The solution can be obtained from the results of Higham (1988, "Computing a Nearest Symmetric Positive Semidefinite Matrix", see 5.2P14 from Horn & Johnson "Matrix Analysis"). This result shows that, for Q real and symmetric, $x=Q_+$ is the solution to $$ \min_{x\ge 0}||x-Q||^2~~,\tag{1}$$ where $Q_+$ and $Q_-$ are the positive and negative semidefinite parts of $Q$, respectively. That is, if $Q=U^T\Lambda U$, then $Q_+=Q=U^T\Lambda_+ U$ where $\Lambda_{+,i}=\max{\lbrace\lambda_i,0\rbrace}$ and $Q_-=Q=U^T\Lambda_- U$ where $\Lambda_{-,i}=-\min{\lbrace\lambda_i,0\rbrace}$ (definition 4.1.12 from Horn & Johnson "Matrix Analysis").
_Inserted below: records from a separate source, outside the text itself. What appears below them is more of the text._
(* Over 2x2 matrices of determinant 1, Cayley-Hamilton b^2 = (tr b) b - 1 and b^-1 = tr b - b
   reduce each difference of traces to a short combination; for instance
     [W a b^2 (a R) b^2] - [W a b (a R) b^3] = tr (W a a R) - t tr (W a R b) + tr (W b R b),
   where t = tr (a b^-1) = tr a tr b - tr (a b) comes from a b^-1 + b a^-1 = t.
   The hypothesis tr (a b) = tr (b^2) gives t = 2 - tr b (tr b - tr a) <= 0, and traces of
   products of nonnegative matrices are nonnegative, so the difference is positive.
   In the second inequality the extra term is tr (W a b P b a^-1) = tr (a^-1 W a b P b),
   nonnegative when a^-1 W a is; this is where the condition on w enters. *)

lemma power_mult_rotate: "(x * y) ^ n * x = x * (y * x) ^ n"
  for x y :: "'a::monoid_mult"
  by (induction n) (simp_all add: mult.assoc)

(* Mat2 a b c d is the matrix with rows (a, b) and (c, d).  A separate type is used because
   on int^2^2 the operator * is componentwise; here * is the matrix product, making a ring. *)

datatype 'a mat2 = Mat2 'a 'a 'a 'a

instantiation mat2 :: (comm_ring_1) ring_1
begin

definition "0 = Mat2 0 0 0 0"
definition "1 = Mat2 1 0 0 1"
fun plus_mat2 where
  "Mat2 a b c d + Mat2 a' b' c' d' = Mat2 (a + a') (b + b') (c + c') (d + d')"
fun minus_mat2 where
  "Mat2 a b c d - Mat2 a' b' c' d' = Mat2 (a - a') (b - b') (c - c') (d - d')"
fun uminus_mat2 where
  "- Mat2 a b c d = Mat2 (- a) (- b) (- c) (- d)"
fun times_mat2 where
  "Mat2 a b c d * Mat2 a' b' c' d' =
     Mat2 (a * a' + b * c') (a * b' + b * d') (c * a' + d * c') (c * b' + d * d')"

instance
proof
  fix x y z :: "'a mat2"
  show "x * y * z = x * (y * z)" by (cases x; cases y; cases z) (simp add: algebra_simps)
  show "x + y + z = x + (y + z)" by (cases x; cases y; cases z) (simp add: algebra_simps)
  show "x + y = y + x" by (cases x; cases y) (simp add: algebra_simps)
  show "0 + x = x" by (cases x) (simp add: zero_mat2_def)
  show "- x + x = 0" by (cases x) (simp add: zero_mat2_def)
  show "x - y = x + - y" by (cases x; cases y) simp
  show "(x + y) * z = x * z + y * z" by (cases x; cases y; cases z) (simp add: algebra_simps)
  show "x * (y + z) = x * y + x * z" by (cases x; cases y; cases z) (simp add: algebra_simps)
  show "1 * x = x" by (cases x) (simp add: one_mat2_def)
  show "x * 1 = x" by (cases x) (simp add: one_mat2_def)
  show "(0 :: 'a mat2) \<noteq> 1" by (simp add: zero_mat2_def one_mat2_def)
qed

end

fun tr2 :: "'a::comm_ring_1 mat2 \<Rightarrow> 'a" where
  "tr2 (Mat2 a b c d) = a + d"

fun det2 :: "'a::comm_ring_1 mat2 \<Rightarrow> 'a" where
  "det2 (Mat2 a b c d) = a * d - b * c"

fun adj2 :: "'a::comm_ring_1 mat2 \<Rightarrow> 'a mat2" where
  "adj2 (Mat2 a b c d) = Mat2 d (- b) (- c) a"

fun smult2 :: "'a::comm_ring_1 \<Rightarrow> 'a mat2 \<Rightarrow> 'a mat2" where
  "smult2 k (Mat2 a b c d) = Mat2 (k * a) (k * b) (k * c) (k * d)"

lemma tr2_add [simp]: "tr2 (X + Y) = tr2 X + tr2 Y"
  by (cases X; cases Y) simp

lemma tr2_diff [simp]: "tr2 (X - Y) = tr2 X - tr2 Y"
  by (cases X; cases Y) simp

lemma tr2_smult2 [simp]: "tr2 (smult2 k X) = k * tr2 X"
  by (cases X) (simp add: algebra_simps)

lemma tr2_one [simp]: "tr2 (1 :: 'a::comm_ring_1 mat2) = 2"
  by (simp add: one_mat2_def)

lemma tr2_mult_commute: "tr2 (X * Y) = tr2 (Y * X)"
  by (cases X; cases Y) (simp add: algebra_simps)

lemma smult2_mult_left [simp]: "smult2 k X * Y = smult2 k (X * Y)"
  by (cases X; cases Y) (simp add: algebra_simps)

lemma smult2_mult_right [simp]: "X * smult2 k Y = smult2 k (X * Y)"
  by (cases X; cases Y) (simp add: algebra_simps)

lemma smult2_diff_right: "smult2 k (X - Y) = smult2 k X - smult2 k Y"
  by (cases X; cases Y) (simp add: algebra_simps)

lemma det2_mult: "det2 (X * Y) = det2 X * det2 Y"
  by (cases X; cases Y) (simp add: algebra_simps)

lemma adj2_mult: "adj2 (X * Y) = adj2 Y * adj2 X"
  by (cases X; cases Y) (simp add: algebra_simps)

lemma adj2_adj2 [simp]: "adj2 (adj2 X) = X"
  by (cases X) simp

lemma add_adj2: "X + adj2 X = smult2 (tr2 X) 1"
  by (cases X) (simp add: one_mat2_def)

lemma adj2_eq: "adj2 X = smult2 (tr2 X) 1 - X"
  using add_adj2[of X] by (simp add: algebra_simps)

lemma adj2_mult_self: "adj2 X * X = smult2 (det2 X) 1"
  by (cases X) (simp add: one_mat2_def algebra_simps)

lemma cayley_hamilton2: "X * X = smult2 (tr2 X) X - smult2 (det2 X) 1"
  by (cases X) (simp add: one_mat2_def algebra_simps)

lemma smult2_one_left [simp]: "smult2 1 X = X"
  by (cases X) simp

lemma sl2_square: "det2 X = 1 \<Longrightarrow> X * X = smult2 (tr2 X) X - 1"
  by (simp add: cayley_hamilton2[of X])

lemma sl2_adj2: "det2 X = 1 \<Longrightarrow> adj2 X * X = 1"
  by (simp add: adj2_mult_self)

lemma sl2_adj2_cancel: "det2 X = 1 \<Longrightarrow> adj2 X * (X * Y) = Y"
  by (simp add: sl2_adj2 flip: mult.assoc)

lemma tr2_mult_adj2: "tr2 (X * adj2 Y) = tr2 X * tr2 Y - tr2 (X * Y)"
proof -
  have "X * Y + X * adj2 Y = smult2 (tr2 Y) X"
    by (simp flip: distrib_left add: add_adj2)
  then have "tr2 (X * Y) + tr2 (X * adj2 Y) = tr2 Y * tr2 X"
    by (metis tr2_add tr2_smult2)
  then show ?thesis by (simp add: algebra_simps)
qed

lemma sl2_square_mult: "det2 X = 1 \<Longrightarrow> X * (X * Y) = smult2 (tr2 X) (X * Y) - Y"
  by (simp add: sl2_square left_diff_distrib flip: mult.assoc)

lemma sl2_bbXbb_minus_bXbbb:
  assumes "det2 b = 1"
  shows "b * b * X * b * b - b * X * b * b * b = X - adj2 b * X * b"
  unfolding adj2_eq
  by (simp add: assms mult.assoc sl2_square_mult sl2_square algebra_simps smult2_diff_right)

lemma sl2_bbXbb_minus_bbbXb:
  assumes "det2 b = 1"
  shows "b * b * X * b * b - b * b * b * X * b = X - b * X * adj2 b"
  unfolding adj2_eq
  by (simp add: assms mult.assoc sl2_square_mult sl2_square algebra_simps smult2_diff_right)

lemma mult_adj2_swap: "X * adj2 Y = smult2 (tr2 (X * adj2 Y)) 1 - Y * adj2 X"
proof -
  have "X * adj2 Y + Y * adj2 X = smult2 (tr2 (X * adj2 Y)) 1"
    using add_adj2[of "X * adj2 Y"] by (simp only: adj2_mult adj2_adj2)
  then show ?thesis
    by (metis add_diff_cancel_right')
qed

fun nonneg2 :: "'a::linordered_idom mat2 \<Rightarrow> bool" where
  "nonneg2 (Mat2 a b c d) \<longleftrightarrow> 0 \<le> a \<and> 0 \<le> b \<and> 0 \<le> c \<and> 0 \<le> d"

definition nonneg_sl2 :: "'a::linordered_idom mat2 \<Rightarrow> bool" where
  "nonneg_sl2 X \<longleftrightarrow> nonneg2 X \<and> det2 X = 1"

lemma nonneg2_mult: "nonneg2 X \<Longrightarrow> nonneg2 Y \<Longrightarrow> nonneg2 (X * Y)"
  by (cases X; cases Y) simp

lemma tr2_nonneg: "nonneg2 X \<Longrightarrow> 0 \<le> tr2 X"
  by (cases X) simp

lemma nonneg_sl2_mult: "nonneg_sl2 X \<Longrightarrow> nonneg_sl2 Y \<Longrightarrow> nonneg_sl2 (X * Y)"
  by (simp add: nonneg_sl2_def nonneg2_mult det2_mult)

lemma nonneg2_one: "nonneg2 1"
  by (simp add: one_mat2_def)

lemma nonneg_sl2_one: "nonneg_sl2 1"
  by (simp add: nonneg_sl2_def nonneg2_one one_mat2_def)

lemma nonneg_sl2_power: "nonneg_sl2 X \<Longrightarrow> nonneg_sl2 (X ^ n)"
  by (induction n) (simp_all add: nonneg_sl2_one nonneg_sl2_mult)

lemma tr2_ge_2:
  assumes "nonneg_sl2 X"
  shows "2 \<le> tr2 X"
proof (cases X)
  case (Mat2 a b c d)
  with assms have nonneg: "0 \<le> a" "0 \<le> d" "0 \<le> b * c" and det: "a * d = 1 + b * c"
    by (auto simp: nonneg_sl2_def)
  have "1 \<le> a * d"
    using det nonneg by simp
  then have "4 \<le> (a - d)\<^sup>2 + 4 * (a * d)"
    using zero_le_power2[of "a - d"] by linarith
  also have "\<dots> = (a + d)\<^sup>2"
    by algebra
  finally have "2\<^sup>2 \<le> (a + d)\<^sup>2"
    by simp
  then have "2 \<le> a + d"
    by (rule power2_le_imp_le) (use nonneg in simp)
  with Mat2 show ?thesis by simp
qed

lemma tr2_mult_adj2_nonpos:
  fixes a b :: "int mat2"
  assumes a: "nonneg_sl2 a" and b: "nonneg_sl2 b"
    and "tr2 a < tr2 b" and "tr2 (a * b) = tr2 (b * b)"
  shows "tr2 (a * adj2 b) \<le> 0"
proof -
  have "tr2 (b * b) = tr2 b * tr2 b - 2"
    using b by (simp add: nonneg_sl2_def sl2_square)
  with assms have "tr2 (a * adj2 b) = 2 - tr2 b * (tr2 b - tr2 a)"
    by (simp add: tr2_mult_adj2 algebra_simps)
  moreover have "tr2 b * 1 \<le> tr2 b * (tr2 b - tr2 a)"
    using tr2_ge_2[OF b] \<open>tr2 a < tr2 b\<close> by (intro mult_left_mono) simp_all
  ultimately show ?thesis
    using tr2_ge_2[OF b] by linarith
qed

lemma tr2_ab_aR_bbb_less:
  fixes a b W R :: "'a::linordered_idom mat2"
  assumes a: "nonneg_sl2 a" and b: "nonneg_sl2 b" and W: "nonneg_sl2 W" and R: "nonneg_sl2 R"
    and t_nonpos: "tr2 (a * adj2 b) \<le> 0"
  shows "tr2 (W * a * b * (a * R) * b * b * b) < tr2 (W * a * b * b * (a * R) * b * b)"
proof -
  define t where "t = tr2 (a * adj2 b)"
  have swap: "a * adj2 b = smult2 t 1 - b * adj2 a"
    unfolding t_def by (rule mult_adj2_swap)
  have "W * a * b * b * (a * R) * b * b - W * a * b * (a * R) * b * b * b
      = W * a * (b * b * (a * R) * b * b - b * (a * R) * b * b * b)"
    by (simp add: mult.assoc right_diff_distrib)
  also have "\<dots> = W * a * (a * R - adj2 b * (a * R) * b)"
    using b by (simp add: nonneg_sl2_def sl2_bbXbb_minus_bXbbb)
  also have "\<dots> = W * a * (a * R) - W * (a * adj2 b) * (a * R * b)"
    by (simp add: mult.assoc right_diff_distrib)
  also have "\<dots> = W * a * a * R - smult2 t (W * a * R * b) + W * b * R * b"
    using a by (simp add: swap nonneg_sl2_def sl2_adj2_cancel mult.assoc algebra_simps)
  finally have "tr2 (W * a * b * b * (a * R) * b * b) - tr2 (W * a * b * (a * R) * b * b * b)
      = tr2 (W * a * a * R) - t * tr2 (W * a * R * b) + tr2 (W * b * R * b)"
    by (metis tr2_add tr2_diff tr2_smult2)
  moreover have "2 \<le> tr2 (W * a * a * R)"
    by (intro tr2_ge_2 nonneg_sl2_mult W a R)
  moreover have "t * tr2 (W * a * R * b) \<le> 0"
    using W a b R t_nonpos
    by (simp add: t_def nonneg_sl2_def nonneg2_mult tr2_nonneg mult_nonpos_nonneg)
  moreover have "0 \<le> tr2 (W * b * R * b)"
    using W b R by (simp add: nonneg_sl2_def nonneg2_mult tr2_nonneg)
  ultimately show ?thesis
    by linarith
qed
We also define $|Q|=Q_++Q_-$ and note that $Q=Q_+-Q_-$
Since $Q_+ \ge Q$, problem (1) is also the solution of $$ \min_{x\ge 0,x\ge Q}||x-Q||^2~~.\tag{1a} $$ Note that the expression given in Eq. (0) is the solution to $ \min_{x\ge0,x\ge \Sigma_2-\Sigma_1}||x||^2$, which is clearly the same solution of $ \min_{x\ge0,x\ge \Sigma_2-\Sigma_1}||x-(\Sigma_2-\Sigma_1)||^2$. That is, the problem solved by Eq. (0) has the same form as Eq. (1a).
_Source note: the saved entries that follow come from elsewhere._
(* Let $a$ be an unrestricted program constant. Let $A=p_A(\bar{ch},\bar y)$, $A_i=p_{A_i}(\bar{ch},\bar y)$, $C_i=p_{C_i}(\bar{ch},\bar y)$ ($i=1,2$) and $P=p_P(\bar{ch},\bar z)$ be atomic formulas, built from predicate symbols annotated with a (co)finite channel set $\bar{ch}$ and applied to vectors of variables, where $\bar y$ consists of trace variables. Let $\chi\equiv(A\wedge C_1\to A_2)\wedge(A\wedge C_2\to A_1)$. Then the formula $$[a]\{\mathit{true},\chi\}\mathit{true}\;\wedge\;[a]\{A_1\wedge A_2,\,C_1\wedge C_2\}P\;\to\;[a]\{A,\,C_1\wedge C_2\}P$$ is valid, i.e. true in every interpretation and state.
   Context: Setting (dLCHP). Variables and channels. $\mathcal V=\mathcal V_{\mathbb R}\cup\mathcal V_{\mathbb N}\cup\mathcal V_{\mathcal T}$ are real, integer and trace variables; $\Omega$ is the set of channel names. Traces and states. - A trace is a finite sequence of events $\langle ch,d,s\rangle$ with $ch\in\Omega$ and $d,s\in\mathbb R$. A recorded trace additionally tags each event with a trace variable. - $\epsilon$ is the empty trace; $\preceq$ is prefix and $\prec$ is strict prefix. - A state maps each variable to a value of its type. - $v\cdot\tau$ appends to each trace variable $h$ of state $v$ the subsequence of events of $\tau$ tagged with $h$. - $v\downarrow C$ projects the value of every trace variable onto the events with channel in $C$. Interpretations. An interpretation $I$ assigns relations to predicate symbols, and to the unrestricted program constant $a$ a prefix-closed set $[\![a]\!]^I$ of computations $(v,\tau,w)$ (state $v$, recorded trace $\tau$, final state $w$ or $\bot$) containing every $(v,\epsilon,\bot)$, with $v=w$ on trace variables. Prefix-closed means: if $(v,\tau,w)\in[\![a]\!]^I$ and $\tau'\preceq\tau$, then $(v,\tau',\bot)\in[\![a]\!]^I$. Formula semantics. - $I,v\models p(\bar{ch},\bar x)$ iff the values of $\bar x$ in $v\downarrow\bar{ch}$ lie in $I(p)$; propositional connectives are classical. - $I,v\models[a]\{A,C\}\psi$ iff for all $(v,\tau,w)\in[\![a]\!]^I$ both hold: - (commit) if $I,v\cdot\sigma\models A$ for all $\sigma\prec\tau$, then $I,v\cdot\tau\models C$; - (post) if $I,v\cdot\sigma\models A$ for all $\sigma\preceq\tau$ and $w\neq\bot$, then $I,w\cdot\tau\models\psi$. *)

theory Defs
  imports Complex_Main "HOL-Library.Sublist"
begin

datatype var = RV nat | NV nat | TV nat

definition is_tvar :: "var \<Rightarrow> bool" where
  "is_tvar x \<longleftrightarrow> (\<exists>h. x = TV h)"

text \<open>Events over channel names of type 'c, traces, recorded traces
  (each event tagged with the index h of the trace variable TV h).\<close>
type_synonym 'c event = "'c \<times> real \<times> real"
type_synonym 'c trace = "'c event list"
type_synonym 'c rtrace = "('c event \<times> nat) list"

datatype 'c val = VReal real | VInt int | VTrace "'c trace"

type_synonym 'c state = "var \<Rightarrow> 'c val"

definition typed_state :: "'c state \<Rightarrow> bool" where
  "typed_state v \<longleftrightarrow>
     (\<forall>n. \<exists>r. v (RV n) = VReal r) \<and> (\<forall>n. \<exists>k. v (NV n) = VInt k) \<and>
     (\<forall>n. \<exists>t. v (TV n) = VTrace t)"

fun trace_of :: "'c val \<Rightarrow> 'c trace" where
  "trace_of (VTrace t) = t"
| "trace_of _ = []"

definition state_app :: "'c state \<Rightarrow> 'c rtrace \<Rightarrow> 'c state" where
  "state_app v \<tau> = (\<lambda>x. case x of
      TV h \<Rightarrow> VTrace (trace_of (v (TV h)) @ map fst (filter (\<lambda>e. snd e = h) \<tau>))
    | _ \<Rightarrow> v x)"

definition proj :: "'c state \<Rightarrow> 'c set \<Rightarrow> 'c state" where
  "proj v C = (\<lambda>x. case x of
      TV h \<Rightarrow> VTrace (filter (\<lambda>e. fst e \<in> C) (trace_of (v (TV h))))
    | _ \<Rightarrow> v x)"

text \<open>Computations (v, \<tau>, w) with w = None standing for \<bottom>.\<close>
type_synonym 'c comp = "'c state \<times> 'c rtrace \<times> 'c state option"

record ('p, 'c) interp =
  pred :: "'p \<Rightarrow> 'c val list set"
  prog :: "'c comp set"

definition prefix_closed :: "'c comp set \<Rightarrow> bool" where
  "prefix_closed S \<longleftrightarrow>
     (\<forall>v \<tau> w \<tau>'. (v, \<tau>, w) \<in> S \<longrightarrow> prefix \<tau>' \<tau> \<longrightarrow> (v, \<tau>', None) \<in> S)"

definition wf_interp :: "('p, 'c) interp \<Rightarrow> bool" where
  "wf_interp I \<longleftrightarrow>
     prefix_closed (prog I) \<and>
     (\<forall>v. typed_state v \<longrightarrow> (v, [], None) \<in> prog I) \<and>
     (\<forall>v \<tau> w. (v, \<tau>, w) \<in> prog I \<longrightarrow> typed_state v) \<and>
     (\<forall>v \<tau> w. (v, \<tau>, Some w) \<in> prog I \<longrightarrow>
        typed_state w \<and> (\<forall>h. w (TV h) = v (TV h)))"

definition atom_sat :: "('p, 'c) interp \<Rightarrow> 'p \<Rightarrow> 'c set \<Rightarrow> var list \<Rightarrow> 'c state \<Rightarrow> bool" where
  "atom_sat I p C xs v \<longleftrightarrow> map (proj v C) xs \<in> pred I p"

text \<open>Semantics of [a]{A,C}\<psi> with A, C, \<psi> given by their satisfaction predicates.\<close>
definition box_sat :: "('p, 'c) interp \<Rightarrow> ('c state \<Rightarrow> bool) \<Rightarrow> ('c state \<Rightarrow> bool)
    \<Rightarrow> ('c state \<Rightarrow> bool) \<Rightarrow> 'c state \<Rightarrow> bool" where
  "box_sat I A C \<psi> v \<longleftrightarrow>
     (\<forall>\<tau> w. (v, \<tau>, w) \<in> prog I \<longrightarrow>
        ((\<forall>\<sigma>. strict_prefix \<sigma> \<tau> \<longrightarrow> A (state_app v \<sigma>)) \<longrightarrow> C (state_app v \<tau>)) \<and>
        ((\<forall>\<sigma>. prefix \<sigma> \<tau> \<longrightarrow> A (state_app v \<sigma>)) \<longrightarrow>
           (\<forall>w'. w = Some w' \<longrightarrow> \<psi> (state_app w' \<tau>))))"

end

theory Submission
  imports Defs
begin

text \<open>Circular assume-guarantee reasoning is sound because commitments are checked on
  strictly shorter prefixes first: by induction on the length of a prefix \<sigma> of a run,
  C1 and C2 hold on all strict prefixes of \<sigma>; together with A they yield A2 and A1
  there via \<chi>, and then the guarantee of [a]{A1 \<and> A2, C1 \<and> C2}P gives C1 and C2 at \<sigma>.
  The postcondition follows once A1 \<and> A2 is known on all prefixes of the run.\<close>

lemma box_satI:
  assumes "\<And>\<tau> w. (v, \<tau>, w) \<in> prog I \<Longrightarrow> \<forall>\<sigma>. strict_prefix \<sigma> \<tau> \<longrightarrow> A (state_app v \<sigma>)
             \<Longrightarrow> C (state_app v \<tau>)"
    and "\<And>\<tau> w w'. (v, \<tau>, w) \<in> prog I \<Longrightarrow> \<forall>\<sigma>. prefix \<sigma> \<tau> \<longrightarrow> A (state_app v \<sigma>)
             \<Longrightarrow> w = Some w' \<Longrightarrow> \<psi> (state_app w' \<tau>)"
  shows "box_sat I A C \<psi> v"
  using assms unfolding box_sat_def by blast

lemma box_sat_commitD:
  assumes "box_sat I A C \<psi> v" "(v, \<tau>, w) \<in> prog I"
    and "\<forall>\<sigma>. strict_prefix \<sigma> \<tau> \<longrightarrow> A (state_app v \<sigma>)"
  shows "C (state_app v \<tau>)"
  using assms unfolding box_sat_def by blast

lemma box_sat_postD:
  assumes "box_sat I A C \<psi> v" "(v, \<tau>, Some w') \<in> prog I"
    and "\<forall>\<sigma>. prefix \<sigma> \<tau> \<longrightarrow> A (state_app v \<sigma>)"
  shows "\<psi> (state_app w' \<tau>)"
  using assms unfolding box_sat_def by blast

lemma prefix_closedD:
  assumes "prefix_closed S" "(v, \<tau>, w) \<in> S" "prefix \<sigma> \<tau>"
  shows "(v, \<sigma>, None) \<in> S"
  using assms unfolding prefix_closed_def by blast

lemma assume_guarantee_commit:
  assumes pc: "prefix_closed (prog I)"
    and chi: "box_sat I (\<lambda>_. True) (\<lambda>u. (A u \<and> C1 u \<longrightarrow> A2 u) \<and> (A u \<and> C2 u \<longrightarrow> A1 u))
                (\<lambda>_. True) v"
    and guar: "box_sat I (\<lambda>u. A1 u \<and> A2 u) (\<lambda>u. C1 u \<and> C2 u) P v"
    and run: "(v, \<tau>, w) \<in> prog I"
    and A: "\<forall>\<rho>. strict_prefix \<rho> \<tau> \<longrightarrow> A (state_app v \<rho>)"
    and "prefix \<sigma> \<tau>"
  shows "C1 (state_app v \<sigma>) \<and> C2 (state_app v \<sigma>)"
  using \<open>prefix \<sigma> \<tau>\<close>
proof (induction \<sigma> rule: measure_induct_rule[where f = length])
  case (less \<sigma>)
  have "A1 (state_app v \<rho>) \<and> A2 (state_app v \<rho>)" if "strict_prefix \<rho> \<sigma>" for \<rho>
  proof -
    have "strict_prefix \<rho> \<tau>"
      using that less.prems by (meson prefix_order.less_le_trans)
    then have "prefix \<rho> \<tau>" and "A (state_app v \<rho>)"
      using A by (auto simp: strict_prefix_def)
    moreover have "C1 (state_app v \<rho>) \<and> C2 (state_app v \<rho>)"
      using less.IH \<open>prefix \<rho> \<tau>\<close> prefix_length_less[OF that] by blast
    moreover have "(v, \<rho>, None) \<in> prog I"
      using prefix_closedD[OF pc run \<open>prefix \<rho> \<tau>\<close>] .
    ultimately show ?thesis
      using box_sat_commitD[OF chi] by blast
  qed
  moreover have "(v, \<sigma>, None) \<in> prog I"
    using prefix_closedD[OF pc run less.prems] .
  ultimately show ?case
    using box_sat_commitD[OF guar] by blast
qed

lemma box_sat_assume_guarantee:
  assumes pc: "prefix_closed (prog I)"
    and chi: "box_sat I (\<lambda>_. True) (\<lambda>u. (A u \<and> C1 u \<longrightarrow> A2 u) \<and> (A u \<and> C2 u \<longrightarrow> A1 u))
                (\<lambda>_. True) v"
    and guar: "box_sat I (\<lambda>u. A1 u \<and> A2 u) (\<lambda>u. C1 u \<and> C2 u) P v"
  shows "box_sat I A (\<lambda>u. C1 u \<and> C2 u) P v"
proof (rule box_satI)
  fix \<tau> w
  assume "(v, \<tau>, w) \<in> prog I" "\<forall>\<sigma>. strict_prefix \<sigma> \<tau> \<longrightarrow> A (state_app v \<sigma>)"
  then show "C1 (state_app v \<tau>) \<and> C2 (state_app v \<tau>)"
    using assume_guarantee_commit[OF pc chi guar] by blast
next
  fix \<tau> w w'
  assume run: "(v, \<tau>, w) \<in> prog I" and A: "\<forall>\<sigma>. prefix \<sigma> \<tau> \<longrightarrow> A (state_app v \<sigma>)"
    and "w = Some w'"
  have "C1 (state_app v \<sigma>) \<and> C2 (state_app v \<sigma>)" if "prefix \<sigma> \<tau>" for \<sigma>
    using assume_guarantee_commit[OF pc chi guar run _ that] A
    by (simp add: strict_prefix_def)
  then have "\<forall>\<sigma>. prefix \<sigma> \<tau> \<longrightarrow> A1 (state_app v \<sigma>) \<and> A2 (state_app v \<sigma>)"
    using A box_sat_commitD[OF chi] prefix_closedD[OF pc run] by blast
  then show "P (state_app w' \<tau>)"
    using box_sat_postD[OF guar] run \<open>w = Some w'\<close> by blast
qed

theorem theorem3:
  fixes I :: "('p, 'c) interp" and v :: "'c state" and ch :: "'c set"
    and ys zs :: "var list" and pA pA1 pA2 pC1 pC2 pP :: 'p
  assumes "finite ch \<or> finite (- ch)"
    and "\<forall>y\<in>set ys. is_tvar y"
    and "wf_interp I"
    and "typed_state v"
  shows "let A = atom_sat I pA ch ys; A1 = atom_sat I pA1 ch ys; A2 = atom_sat I pA2 ch ys;
             C1 = atom_sat I pC1 ch ys; C2 = atom_sat I pC2 ch ys; P = atom_sat I pP ch zs;
             \<chi> = (\<lambda>u. (A u \<and> C1 u \<longrightarrow> A2 u) \<and> (A u \<and> C2 u \<longrightarrow> A1 u))
         in box_sat I (\<lambda>_. True) \<chi> (\<lambda>_. True) v \<and>
            box_sat I (\<lambda>u. A1 u \<and> A2 u) (\<lambda>u. C1 u \<and> C2 u) P v
            \<longrightarrow> box_sat I A (\<lambda>u. C1 u \<and> C2 u) P v"
  using box_sat_assume_guarantee \<open>wf_interp I\<close> unfolding wf_interp_def Let_def by blast

end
Let us define $U(A,B)=\lbrace X:X\ge A, X\ge B\rbrace$. By defining $x'=x-Q$, problem (1a) is equivalent to $\min_{x'\in U(0,-Q)}||x'||^2$, whose solution is $x'=Q_+-Q=Q_-=(-Q)_+$. Therefore, the solution to $\min_{x\in U(0,P)}||x||^2$ is also $P_+$. We can deduce from this (replace $x$ by $x+P/2$) that the solution to $$ \min_{x\in U(-S,S)}||x||^2~~\tag{3}$$ is $x=|S|$.
Finally, we can re-state the original problem $$ \min_{\substack{x\ge0,y\ge0\\x+\Sigma_1=y+\Sigma_2}}||x||^2+||y||^2~~.\tag{OP}$$ By the parallelogram law, $2||x||^2+2||y||^2=||x+y||^2+||x-y||^2$. Note that $x-y=\Sigma_2-\Sigma_1$. We redefine the variable $z=x+y$ and re-write the OP as $$ \min_{z\in U(\Sigma_2-\Sigma_1,\Sigma_1-\Sigma_2)}||z||^2~~.\tag{OP'}$$ Therefore, the solution is $z=|\Sigma_2-\Sigma_1|$ and $x=(\Sigma_2-\Sigma_1)_+$ and $y=(\Sigma_1-\Sigma_2)_+$. This is the same solution posted before.